Video got a big piece of the action, recording the largest percentage of private marketplace deals. In 2014 both Yahoo! and Facebook acquired video exchanges (BrightRoll and Liverail), which poses an interesting question regarding the service proposition and growth potential of those businesses in competition with Google and AdX.

Looking forward to 2015, it feels good. More investment is most certainly on the cards, which by definition breeds innovation. Also, as many advertising technology businesses reach the end of their four year tenders, more acquisitions and IPO’s will add fuel to the fire of the programmatic revolution.

Lets take a glance at 2014 programmatic growth:

  • Audience buying desks across agencies grew at an impressive rate over the last 12 months. The majority of staffing investment went into programmatic account managers, ad operation specialists, campaign optimisers, client services and traders, closely followed by data insights, data science, yield management and sales. 
  • By Q2 of 2014, programmatic buying activity in Australia had claimed an impressive 13.4% of all digital bookings through a demand-side provider – blitzing the UK’s 9.8% and more than double the equivalent of our US counterparts (6.6%).

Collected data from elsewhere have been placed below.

definition six_nbr :: "cell \<Rightarrow> cell \<Rightarrow> bool" where
  "six_nbr s t \<longleftrightarrow> (case s of (x, y, z) \<Rightarrow> case t of (x', y', z') \<Rightarrow>
      (nbr1 x x' \<and> y = y' \<and> z = z') \<or> (x = x' \<and> nbr1 y y' \<and> z = z') \<or>
      (x = x' \<and> y = y' \<and> nbr1 z z'))"

definition Vgrid :: "nat \<Rightarrow> nat \<Rightarrow> nat \<Rightarrow> cell set" where
  "Vgrid n1 n2 n3 = {1..n1} \<times> {1..n2} \<times> {1..n3}"

definition Tgrid :: "nat \<Rightarrow> nat \<Rightarrow> nat \<Rightarrow> cell set" where
  "Tgrid n1 n2 n3 = {1..2*n1-1} \<times> {1..2*n2-1} \<times> {1..2*n3-1}"

definition Gamma :: "cell set \<Rightarrow> cell \<Rightarrow> cell set" where
  "Gamma TT t = {s \<in> TT. six_nbr t s \<and> odd_count s = odd_count t + 1}"

definition connected_cells :: "cell set \<Rightarrow> cell \<Rightarrow> cell \<Rightarrow> bool" where
  "connected_cells TT t1 t2 \<longleftrightarrow> (\<exists>t\<in>TT. t1 \<in> Gamma TT t \<and> t2 \<in> Gamma TT t)"

definition theta :: "cell set \<Rightarrow> (cell \<Rightarrow> nat) \<Rightarrow> cell \<Rightarrow> nat set" where
  "theta TT lam t = {l. 0 < l \<and> card {s \<in> Gamma TT t. lam s = l} = 1}"

text \<open>Voxel r corresponds to the 3-cell 2r-1.\<close>
definition voxel_of :: "cell \<Rightarrow> cell" where
  "voxel_of t = (case t of (x, y, z) \<Rightarrow> ((x + 1) div 2, (y + 1) div 2, (z + 1) div 2))"

definition segment_label_map :: "nat \<Rightarrow> nat \<Rightarrow> nat \<Rightarrow> (cell \<Rightarrow> nat) \<Rightarrow> bool" where
  "segment_label_map n1 n2 n3 \<sigma> \<longleftrightarrow>
     (\<forall>r\<in>Vgrid n1 n2 n3. 0 < \<sigma> r) \<and>
     (\<forall>r\<in>Vgrid n1 n2 n3. \<forall>r'\<in>Vgrid n1 n2 n3. \<sigma> r = \<sigma> r' \<longrightarrow>
        (r, r') \<in> {(v, w). v \<in> Vgrid n1 n2 n3 \<and> w \<in> Vgrid n1 n2 n3 \<and>
                          \<sigma> v = \<sigma> r \<and> \<sigma> w = \<sigma> r \<and> six_nbr v w}\<^sup>*)"

definition cls_rel :: "cell set \<Rightarrow> cell set \<Rightarrow> (cell \<Rightarrow> nat) \<Rightarrow> nat \<Rightarrow> cell rel" where
  "cls_rel TT B lam j = {(s, s'). s \<in> B \<and> s' \<in> B \<and> odd_count s = j \<and> odd_count s' = j \<and>
      theta TT lam s \<noteq> {} \<and> theta TT lam s = theta TT lam s' \<and> connected_cells TT s s'}"

text \<open>lam is a possible result of LABEL(sigma, B) (B a cell box inside the grid TT), with
  m j = m_j(B) the number of classes of active j-cells. Values outside B are fixed to 0.\<close>
definition is_LABEL :: "cell set \<Rightarrow> (cell \<Rightarrow> nat) \<Rightarrow> cell set \<Rightarrow> (cell \<Rightarrow> nat) \<Rightarrow> (nat \<Rightarrow> nat) \<Rightarrow> bool" where
  "is_LABEL TT \<sigma> B lam m \<longleftrightarrow>
     (\<forall>t. t \<notin> B \<longrightarrow> lam t = 0) \<and>
     (\<forall>t\<in>B. odd_count t = 3 \<longrightarrow> lam t = \<sigma> (voxel_of t)) \<and>
     (\<forall>j<3. \<forall>t\<in>B. odd_count t = j \<longrightarrow> (lam t = 0 \<longleftrightarrow> theta TT lam t = {})) \<and>
     (\<forall>j<3. lam ` {t \<in> B. odd_count t = j \<and> theta TT lam t \<noteq> {}} = {1..m j}) \<and>
     (\<forall>j<3. \<forall>t1\<in>B. \<forall>t2\<in>B. odd_count t1 = j \<longrightarrow> odd_count t2 = j \<longrightarrow>
        theta TT lam t1 \<noteq> {} \<longrightarrow> theta TT lam t2 \<noteq> {} \<longrightarrow>
        (lam t1 = lam t2 \<longleftrightarrow> (t1, t2) \<in> (cls_rel TT B lam j)\<^sup>*))"

definition valid_axis :: "nat \<Rightarrow> nat list \<Rightarrow> bool" where
  "valid_axis n xs \<longleftrightarrow> xs \<noteq> [] \<and> hd xs = 1 \<and> last xs = 2*n-1 \<and>
     sorted_wrt (<) xs \<and> (\<forall>x\<in>set xs. odd x)"

definition block_indices :: "nat list \<Rightarrow> nat list \<Rightarrow> nat list \<Rightarrow> cell set" where
  "block_indices a1 a2 a3 = {1..<length a1} \<times> {1..<length a2} \<times> {1..<length a3}"
lemma h_elt_rotate:
  fixes x :: "nat \<Rightarrow> 'a::ring_1"
  assumes xcomm: "\<forall>j\<in>set B. x z * x j = x j * x z"
    and len: "length bs = length B" and par: "even (wt (bs @ [b]))"
  shows "h_elt l x (z # B) r (b # bs)
     = of_int ((if b then -1 else 1) ^ (length B * (l - 1) + r)) * h_elt l x (B @ [z]) r (bs @ [b])"
proof -
  define sg :: int where "sg = (if b then -1 else 1)"
  define N where "N = length B * (l - 1) + r"
  define ys where "ys = signed_variables x B bs"
  define y where "y = of_int sg * x z"
  have sg_wt: "(-1) ^ wt bs = sg"
    using par by (simp add: sg_def wt_def)
  have "of_int sg * y = x z"
    unfolding y_def mult.assoc[symmetric] of_int_mult[symmetric] by (simp add: sg_def)
  then have rot: "signed_variables x (z # B) (b # bs) = map ((*) (of_int sg)) (y # ys)"
    by (simp add: signed_variables_Cons ys_def sg_def)
  have snoc: "signed_variables x (B @ [z]) (bs @ [b]) = ys @ [y]"
    using len by (simp add: signed_variables_snoc sg_wt ys_def y_def)
  have "\<forall>u\<in>set ys. y * u = u * y"
  proof
    fix u assume "u \<in> set ys"
    then obtain j where "j < length B" and u: "u = of_int (eps bs j) * x (B ! j)"
      by (auto simp: ys_def signed_variables_def)
    then have "x z * x (B ! j) = x (B ! j) * x z"
      using xcomm by simp
    then show "y * u = u * y"
      unfolding u y_def by (rule commute_of_int_mult)
  qed
  then have ch_rot: "complete_homogeneous (y # ys) N = complete_homogeneous (ys @ [y]) N"
    by (rule complete_homogeneous_rotate)
  have "h_elt l x (z # B) r (b # bs) = complete_homogeneous (map ((*) (of_int sg)) (y # ys)) N"
    by (simp add: h_elt_eq_complete_homogeneous rot N_def)
  also have "\<dots> = of_int (sg ^ N) * complete_homogeneous (ys @ [y]) N"
    by (simp only: complete_homogeneous_scale ch_rot)
  also have "\<dots> = of_int (sg ^ N) * h_elt l x (B @ [z]) r (bs @ [b])"
    by (simp add: h_elt_eq_complete_homogeneous snoc N_def)
  finally show ?thesis
    unfolding sg_def N_def .
qed

lemma c_alpha_eq_prod_list_zip:
  assumes "length \<alpha> = length A"
  shows "c_alpha c A \<alpha> = prod_list (map (\<lambda>(b, i). if b then c i else 1) (zip \<alpha> A))"
proof -
  have "zip \<alpha> A = map (\<lambda>j. (\<alpha> ! j, A ! j)) [0..<length A]"
    using assms by (intro nth_equalityI) simp_all
  then show ?thesis
    unfolding c_alpha_def by (simp add: comp_def)
qed

lemma prod_list_signs_zip:
  assumes "length bs = length B"
  shows "prod_list (map (\<lambda>(b, i). if b then -1 else 1) (zip bs B)) = (-1 :: int) ^ wt bs"
  using assms by (induction bs B rule: list_induct2) (simp_all add: wt_def)

lemma c_alpha_rotate:
  fixes c :: "nat \<Rightarrow> 'a::ring_1"
  assumes anti: "\<forall>j\<in>set B. c z * c j = - (c j * c z)"
    and len: "length bs = length B" and par: "even (wt (bs @ [b]))"
  shows "c_alpha c (z # B) (b # bs) = of_int (if b then -1 else 1) * c_alpha c (B @ [z]) (bs @ [b])"
proof -
  define C where "C = prod_list (map (\<lambda>(b, i). if b then c i else 1) (zip bs B))"
  have cons: "c_alpha c (z # B) (b # bs) = (if b then c z else 1) * C"
    using len by (simp add: c_alpha_eq_prod_list_zip C_def)
  have snoc: "c_alpha c (B @ [z]) (bs @ [b]) = C * (if b then c z else 1)"
    using len by (simp add: c_alpha_eq_prod_list_zip C_def)
  show ?thesis
  proof (cases b)
    case True
    have "\<forall>u\<in>set (zip bs B). c z * (case u of (b, i) \<Rightarrow> if b then c i else 1)
        = of_int (case u of (b, i) \<Rightarrow> if b then -1 else 1) * ((case u of (b, i) \<Rightarrow> if b then c i else 1) * c z)"
      using anti by (auto elim!: in_set_zipE)
    then have "c z * C
        = of_int (prod_list (map (\<lambda>(b, i). if b then -1 else 1) (zip bs B))) * (C * c z)"
      unfolding C_def by (rule commute_prod_list_signed)
    then have "c z * C = of_int ((-1) ^ wt bs) * (C * c z)"
      by (simp only: prod_list_signs_zip[OF len])
    moreover have "odd (wt bs)"
      using par True by (simp add: wt_def)
    ultimately show ?thesis
      unfolding cons snoc using True by simp
  qed (unfold cons snoc, simp)
qed
(* Let $n\ge 3$ and let $C_n=(v_0,\dots,v_{n-1})$ be the cycle. In the Random Majority Model (RMM) on $C_n$, the only winning set is the set of all nodes. In the Majority Model (MM) on $C_n$, the minimum size of a winning set equals $\lfloor n/2\rfloor+1$.
   Context: A coloring is a map from the nodes to $\{b,w\}$. In MM, all nodes update simultaneously: a node adopts the color strictly more frequent among its neighbors in the previous round and keeps its color in case of a tie. RMM is the same except that in case of a tie the node chooses blue or white independently and uniformly at random. A node set $S$ is a winning set if, whenever all nodes of $S$ are blue (resp. white) initially, the process eventually reaches the coloring in which all nodes are blue (resp. white), regardless of the initial colors of the nodes outside $S$ and of all random choices (in RMM). *)

theory Defs
  imports Main
begin

datatype color = Blue | White

text \<open>A graph is given by a node set V and a neighbourhood function N.
  A coloring is a map from nodes to colors (values outside V are irrelevant).\<close>

definition num_col :: "('a \<Rightarrow> 'a set) \<Rightarrow> ('a \<Rightarrow> color) \<Rightarrow> color \<Rightarrow> 'a \<Rightarrow> nat" where
  "num_col N c x v = card {u \<in> N v. c u = x}"

definition mm_step :: "('a \<Rightarrow> 'a set) \<Rightarrow> ('a \<Rightarrow> color) \<Rightarrow> ('a \<Rightarrow> color)" where
  "mm_step N c = (\<lambda>v. if num_col N c Blue v > num_col N c White v then Blue
                       else if num_col N c White v > num_col N c Blue v then White
                       else c v)"

text \<open>Possible successors in the Random Majority Model: strict majorities are
  adopted, ties may be resolved either way (every realisation of the random choices).\<close>
definition rmm_succ :: "'a set \<Rightarrow> ('a \<Rightarrow> 'a set) \<Rightarrow> ('a \<Rightarrow> color) \<Rightarrow> ('a \<Rightarrow> color) \<Rightarrow> bool" where
  "rmm_succ V N c c' \<longleftrightarrow> (\<forall>v\<in>V.
      (num_col N c Blue v > num_col N c White v \<longrightarrow> c' v = Blue) \<and>
      (num_col N c White v > num_col N c Blue v \<longrightarrow> c' v = White))"

definition monochrome :: "'a set \<Rightarrow> ('a \<Rightarrow> color) \<Rightarrow> color \<Rightarrow> bool" where
  "monochrome V c x \<longleftrightarrow> (\<forall>v\<in>V. c v = x)"

definition winning_MM :: "'a set \<Rightarrow> ('a \<Rightarrow> 'a set) \<Rightarrow> 'a set \<Rightarrow> bool" where
  "winning_MM V N S \<longleftrightarrow> S \<subseteq> V \<and>
     (\<forall>x c0. monochrome S c0 x \<longrightarrow> (\<exists>t. monochrome V ((mm_step N ^^ t) c0) x))"

definition winning_RMM :: "'a set \<Rightarrow> ('a \<Rightarrow> 'a set) \<Rightarrow> 'a set \<Rightarrow> bool" where
  "winning_RMM V N S \<longleftrightarrow> S \<subseteq> V \<and>
     (\<forall>x run. (\<forall>t. rmm_succ V N (run t) (run (Suc t))) \<longrightarrow> monochrome S (run 0) x \<longrightarrow>
        (\<exists>t. monochrome V (run t) x))"

definition cycle_nodes :: "nat \<Rightarrow> nat set" where
  "cycle_nodes n = {..<n}"

definition cycle_nbrs :: "nat \<Rightarrow> nat \<Rightarrow> nat set" where
  "cycle_nbrs n v = {(v + 1) mod n, (v + n - 1) mod n}"

end

theory Submission
  imports Defs
begin

(* On a cycle a node has two neighbours, so it changes colour exactly when both neighbours
  disagree with it. In MM two adjacent nodes of equal colour therefore keep it forever. A winning
  set S must thus meet every edge (else two adjacent nodes outside S stay of the other colour) and
  must contain an edge (else S and its complement alternate around the cycle, and an alternating
  colouring flips every round). Conversely, such an S wins: meeting every edge is invariant, and
  then the monochromatic blocks of length at least two gain a node in every round until they cover
  the cycle. A vertex cover of C_n containing an edge has at least n div 2 + 1 nodes, a bound
  attained by the even nodes together with n - 1. In RMM a single node of the other colour can
  walk around the cycle forever, since the tie it leaves behind may be resolved in its favour;
  hence only the full node set wins. *)

lemma num_col_two_nbrs:
  assumes "N v = {a, b}" "a \<noteq> b"
  shows "num_col N c x v = (if c a = x then 1 else 0) + (if c b = x then 1 else 0)"
proof -
  have "{u \<in> N v. c u = x} = (if c a = x then {a} else {}) \<union> (if c b = x then {b} else {})"
    using assms(1) by auto
  then show ?thesis
    unfolding num_col_def using assms(2) by simp
qed

lemma mm_step_two_nbrs:
  assumes "N v = {a, b}" "a \<noteq> b"
  shows "mm_step N c v = (if c a = c b then c a else c v)"
  unfolding mm_step_def num_col_two_nbrs[where N = N and v = v, OF assms]
  by (cases "c a"; cases "c b") auto

lemma rmm_succ_two_nbrs:
  assumes "\<And>v. v \<in> V \<Longrightarrow> N v = {a v, b v}" "\<And>v. v \<in> V \<Longrightarrow> a v \<noteq> b v"
  shows "rmm_succ V N c c' \<longleftrightarrow> (\<forall>v\<in>V. c (a v) = c (b v) \<longrightarrow> c' v = c (a v))"
  unfolding rmm_succ_def
proof (rule ball_cong[OF refl])
  fix v assume "v \<in> V"
  then show "((num_col N c White v < num_col N c Blue v \<longrightarrow> c' v = Blue) \<and>
      (num_col N c Blue v < num_col N c White v \<longrightarrow> c' v = White)) \<longleftrightarrow>
    (c (a v) = c (b v) \<longrightarrow> c' v = c (a v))"
    using num_col_two_nbrs[where N = N and v = v, OF assms]
    by (cases "c (a v)"; cases "c (b v)") auto
qed

definition cycle_succ :: "nat \<Rightarrow> nat \<Rightarrow> nat" where
  "cycle_succ n v = Suc v mod n"

definition cycle_pred :: "nat \<Rightarrow> nat \<Rightarrow> nat" where
  "cycle_pred n v = (v + n - 1) mod n"

lemma cycle_nbrs_eq: "cycle_nbrs n v = {cycle_succ n v, cycle_pred n v}"
  by (simp add: cycle_nbrs_def cycle_succ_def cycle_pred_def)

lemma cycle_succ_eq: "v < n \<Longrightarrow> cycle_succ n v = (if Suc v = n then 0 else Suc v)"
  by (simp add: cycle_succ_def)

lemma cycle_pred_eq: "v < n \<Longrightarrow> cycle_pred n v = (if v = 0 then n - 1 else v - 1)"
  by (auto simp: cycle_pred_def le_mod_geq)

lemma cycle_succ_less: "0 < n \<Longrightarrow> cycle_succ n v < n"
  by (simp add: cycle_succ_def)

lemma cycle_pred_less: "0 < n \<Longrightarrow> cycle_pred n v < n"
  by (simp add: cycle_pred_def)

lemma cycle_pred_succ: "v < n \<Longrightarrow> cycle_pred n (cycle_succ n v) = v"
  by (auto simp: cycle_succ_eq cycle_pred_eq)

lemma cycle_succ_pred: "v < n \<Longrightarrow> cycle_succ n (cycle_pred n v) = v"
  by (auto simp: cycle_succ_eq cycle_pred_eq)

lemma cycle_succ_neq_pred: "3 \<le> n \<Longrightarrow> v < n \<Longrightarrow> cycle_succ n v \<noteq> cycle_pred n v"
  by (auto simp: cycle_succ_eq cycle_pred_eq)

lemma cycle_succ_add_mod: "cycle_succ n ((u + t) mod n) = (u + Suc t) mod n"
  by (simp add: cycle_succ_def mod_Suc_eq)

lemma mm_step_cycle:
  "3 \<le> n \<Longrightarrow> v < n \<Longrightarrow>
    mm_step (cycle_nbrs n) c v = (if c (cycle_succ n v) = c (cycle_pred n v) then c (cycle_succ n v) else c v)"
  by (simp add: mm_step_two_nbrs cycle_nbrs_eq cycle_succ_neq_pred)

lemma rmm_succ_cycle_iff:
  assumes "3 \<le> n"
  shows "rmm_succ (cycle_nodes n) (cycle_nbrs n) c c' \<longleftrightarrow>
    (\<forall>v<n. c (cycle_succ n v) = c (cycle_pred n v) \<longrightarrow> c' v = c (cycle_succ n v))"
proof -
  have "rmm_succ (cycle_nodes n) (cycle_nbrs n) c c' \<longleftrightarrow>
      (\<forall>v\<in>cycle_nodes n. c (cycle_succ n v) = c (cycle_pred n v) \<longrightarrow> c' v = c (cycle_succ n v))"
    by (rule rmm_succ_two_nbrs) (simp_all add: cycle_nbrs_eq cycle_succ_neq_pred[OF assms] cycle_nodes_def)
  then show ?thesis
    unfolding cycle_nodes_def Ball_def lessThan_iff .
qed

lemma mm_step_cycle_keeps_pair:
  assumes "3 \<le> n" "v < n" "c v = x" "c (cycle_succ n v) = x"
  shows "mm_step (cycle_nbrs n) c v = x \<and> mm_step (cycle_nbrs n) c (cycle_succ n v) = x"
  using assms mm_step_cycle[OF assms(1)] cycle_pred_succ cycle_succ_less by auto

lemma funpow_mm_step_cycle_keeps_pair:
  assumes "3 \<le> n" "v < n" "c v = x" "c (cycle_succ n v) = x"
  shows "(mm_step (cycle_nbrs n) ^^ t) c v = x \<and> (mm_step (cycle_nbrs n) ^^ t) c (cycle_succ n v) = x"
  by (induction t) (simp_all add: assms mm_step_cycle_keeps_pair)

definition alternating :: "nat \<Rightarrow> (nat \<Rightarrow> color) \<Rightarrow> bool" where
  "alternating n c \<longleftrightarrow> (\<forall>v<n. c (cycle_succ n v) \<noteq> c v)"

lemma alternating_mm_step_flips:
  assumes "3 \<le> n" "alternating n c" "v < n"
  shows "mm_step (cycle_nbrs n) c v \<noteq> c v"
proof -
  have "c v \<noteq> c (cycle_pred n v)"
    using assms cycle_pred_less[of n v] cycle_succ_pred[of v n] unfolding alternating_def by force
  moreover have "c (cycle_succ n v) \<noteq> c v"
    using assms unfolding alternating_def by blast
  ultimately show ?thesis
    unfolding mm_step_cycle[OF assms(1,3)]
    by (cases "c v"; cases "c (cycle_succ n v)"; cases "c (cycle_pred n v)") auto
qed

lemma alternating_mm_step:
  assumes "3 \<le> n" "alternating n c"
  shows "alternating n (mm_step (cycle_nbrs n) c)"
  unfolding alternating_def
proof (intro allI impI)
  fix v assume v: "v < n"
  then have "c (cycle_succ n v) \<noteq> c v"
    using assms(2) unfolding alternating_def by blast
  moreover have "mm_step (cycle_nbrs n) c v \<noteq> c v"
    and "mm_step (cycle_nbrs n) c (cycle_succ n v) \<noteq> c (cycle_succ n v)"
    using alternating_mm_step_flips[OF assms] v assms(1) cycle_succ_less by simp_all
  ultimately show "mm_step (cycle_nbrs n) c (cycle_succ n v) \<noteq> mm_step (cycle_nbrs n) c v"
    by (cases "c v"; cases "c (cycle_succ n v)"; cases "mm_step (cycle_nbrs n) c v") auto
qed

lemma alternating_not_monochrome:
  assumes "0 < n" "alternating n c"
  shows "\<not> monochrome (cycle_nodes n) c x"
  using assms cycle_succ_less[of n 0] unfolding alternating_def monochrome_def cycle_nodes_def
  by fastforce

lemma alternating_never_monochrome:
  assumes "3 \<le> n" "alternating n c"
  shows "\<not> monochrome (cycle_nodes n) ((mm_step (cycle_nbrs n) ^^ t) c) x"
proof -
  have "alternating n ((mm_step (cycle_nbrs n) ^^ t) c)"
    by (induction t) (simp_all add: assms alternating_mm_step)
  then show ?thesis
    using alternating_not_monochrome assms(1) by simp
qed

definition cycle_vertex_cover :: "nat \<Rightarrow> nat set \<Rightarrow> bool" where
  "cycle_vertex_cover n S \<longleftrightarrow> (\<forall>v<n. v \<in> S \<or> cycle_succ n v \<in> S)"

lemma cycle_vertex_cover_mm_step:
  assumes "3 \<le> n" "cycle_vertex_cover n {v. c v = x}"
  shows "cycle_vertex_cover n {v. mm_step (cycle_nbrs n) c v = x}"
  unfolding cycle_vertex_cover_def mem_Collect_eq
proof (intro allI impI)
  fix v assume v: "v < n"
  define w where "w = cycle_succ n v"
  have w: "w < n" "cycle_pred n w = v"
    using assms v cycle_succ_less cycle_pred_succ unfolding w_def by auto
  have p: "cycle_pred n v < n" "cycle_succ n (cycle_pred n v) = v"
    using assms v cycle_pred_less cycle_succ_pred by auto
  have cover: "c u = x \<or> c (cycle_succ n u) = x" if "u < n" for u
    using assms(2) that unfolding cycle_vertex_cover_def by blast
  have "c v = x \<or> c w = x" "c (cycle_pred n v) = x \<or> c v = x" "c w = x \<or> c (cycle_succ n w) = x"
    using cover[OF v] cover[OF p(1)] cover[OF w(1)] unfolding w_def p(2) by simp_all
  then show "mm_step (cycle_nbrs n) c v = x \<or> mm_step (cycle_nbrs n) c (cycle_succ n v) = x"
    unfolding w_def[symmetric] mm_step_cycle[OF assms(1) v] mm_step_cycle[OF assms(1) w(1)] w(2)
    by (cases x; cases "c v"; cases "c w"; cases "c (cycle_pred n v)"; cases "c (cycle_succ n w)") auto
qed
definition diag_coupling :: "('x::finite \<Rightarrow> 'y::finite \<Rightarrow> 'y \<Rightarrow> real) \<Rightarrow> 'x \<Rightarrow> 'y \<Rightarrow> 'y \<Rightarrow> real"
  where "diag_coupling P x y z = (if y = z then pXY P x y else 0)"

lemma pXY_diag_coupling: "pXY (diag_coupling P) = pXY P"
  by (intro ext) (simp add: pXY_def diag_coupling_def)

lemma pXZ_diag_coupling: "pXZ (diag_coupling P) = pXY P"
  by (intro ext) (simp add: pXZ_def diag_coupling_def)

lemma distr_diag_coupling:
  assumes "distr P"
  shows "distr (diag_coupling P)"
proof -
  have "(\<Sum>x\<in>UNIV. \<Sum>y\<in>UNIV. \<Sum>z\<in>UNIV. diag_coupling P x y z) = (\<Sum>x\<in>UNIV. \<Sum>y\<in>UNIV. pXY P x y)"
    by (simp add: pXY_diag_coupling flip: pXY_def)
  also have "\<dots> = 1" using assms by (simp add: distr_def pXY_def)
  finally show ?thesis
    using marginals_nonneg[OF assms] by (auto simp: distr_def diag_coupling_def)
qed

text \<open>Given \<open>Z\<close>, the variable \<open>Y = Z\<close> is determined, so it carries no information on \<open>X\<close>.\<close>
lemma CMI_XY_Z_diag_coupling:
  assumes "distr P"
  shows "CMI_XY_Z (diag_coupling P) = 0"
  unfolding CMI_XY_Z_def
proof (intro sum.neutral ballI)
  fix x y z
  let ?Q = "diag_coupling P"
  show "plog (?Q x y z) (pXZ ?Q x z * pYZ ?Q y z / pZ ?Q z) = 0"
  proof (cases "y = z \<and> pXY P x y \<noteq> 0")
    case True
    have "pYZ ?Q y z = pY P y" "pZ ?Q z = pY P y"
      using True by (simp_all add: pYZ_def pZ_def pY_eq_sum_pXY diag_coupling_def)
    moreover have "0 < diag_coupling P x y y"
      using True marginals_nonneg(1)[OF assms, of x y] by (auto simp: diag_coupling_def order_less_le)
    then have "0 < pY P y"
      using marginals_pos(5)[OF distr_diag_coupling[OF assms]]
      by (simp add: pY_eq_sum_pXY pXY_diag_coupling)
    ultimately show ?thesis
      using True by (simp add: plog_def diag_coupling_def pXZ_diag_coupling)
  qed (auto simp: plog_def diag_coupling_def)
qed
(* Let $E$ be an IL FS encoder with $s$ states whose Kraft matrix is irreducible, and let $L_{\max}=\max_{z,x}L[f(z,x)]$. Let $x^n\in\mathcal{X}^n$ and $z_1\in\mathcal{Z}$, define $z_{i+1}=g(z_i,x_i)$ for $i=1,\dots,n$, and assume $x^n$ is cyclic with respect to $g$, i.e., $z_{n+1}=z_1$. Extend both sequences periodically, $x_{i+n}=x_i$, $z_{i+n}=z_i$. For $1\le\ell\le n$, let $\hat P$ be the empirical distribution on $\mathcal{Z}\times\mathcal{X}^\ell$ given by $$\hat P(z,w^\ell)=\frac1n\big|\{1\le i\le n:\ z_i=z,\ (x_i,x_{i+1},\dots,x_{i+\ell-1})=w^\ell\}\big|,$$ and let $\hat H(X_\ell\mid X^{\ell-1})$ be the conditional entropy (in bits) of the last coordinate given the first $\ell-1$ coordinates under the $\mathcal{X}^\ell$-marginal of $\hat P$. Then $$\frac1n\sum_{i=1}^n L[f(z_i,x_i)]\ \ge\ \hat H(X_\ell\mid X^{\ell-1})-\frac{2\log_2 s+(s-1)L_{\max}}{\ell}.$$
   Context: A finite-state (FS) encoder is a quintuple $E=(\mathcal{X},\mathcal{Y},\mathcal{Z},f,g)$, where $\mathcal{X}$ is a finite source alphabet of size $\alpha$, $\mathcal{Y}$ is a finite set of binary strings (possibly containing the empty string, of length $0$), $\mathcal{Z}$ is a finite set of $s$ states, $f:\mathcal{Z}\times\mathcal{X}\to\mathcal{Y}$ is the output function and $g:\mathcal{Z}\times\mathcal{X}\to\mathcal{Z}$ is the next-state function. For $z\in\mathcal{Z}$ and $x^n=(x_1,\dots,x_n)\in\mathcal{X}^n$, set $z_1=z$, $z_{i+1}=g(z_i,x_i)$; write $g(z,x^n)=z_{n+1}$ and let $f(z,x^n)$ denote the binary string obtained by concatenating $f(z_1,x_1),\dots,f(z_n,x_n)$; its length is $L[f(z,x^n)]=\sum_{i=1}^n L[f(z_i,x_i)]$, where $L(\cdot)$ denotes the length of a binary string. The encoder is information lossless (IL) if for every $z\in\mathcal{Z}$ and every $n\ge1$, the map $x^n\mapsto (f(z,x^n),g(z,x^n))$ is injective on $\mathcal{X}^n$. The Kraft matrix of $E$ is the $s\times s$ nonnegative matrix $K$ with entries $K_{zz'}=\sum_{\{x\in\mathcal{X}:\ g(z,x)=z'\}}2^{-L[f(z,x)]}$ (an empty sum is $0$). *)

theory Defs
  imports Complex_Main
begin

fun fs_next :: "('z \<Rightarrow> 'x \<Rightarrow> 'z) \<Rightarrow> 'z \<Rightarrow> 'x list \<Rightarrow> 'z" where
  "fs_next g z [] = z"
| "fs_next g z (a # w) = fs_next g (g z a) w"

This is a true testament to the combined success of our nation’s programmatic community.
  • Supply-side platforms have focused primarily on publisher data, cross platform penetration and cross device engagement, which has improved yielding inventory significantly. Providers have embraced programmatic as the new “norm” as enhanced attributed data comes into play – and the knock-on effect of more accurate campaign variables has increased inventory value across the board.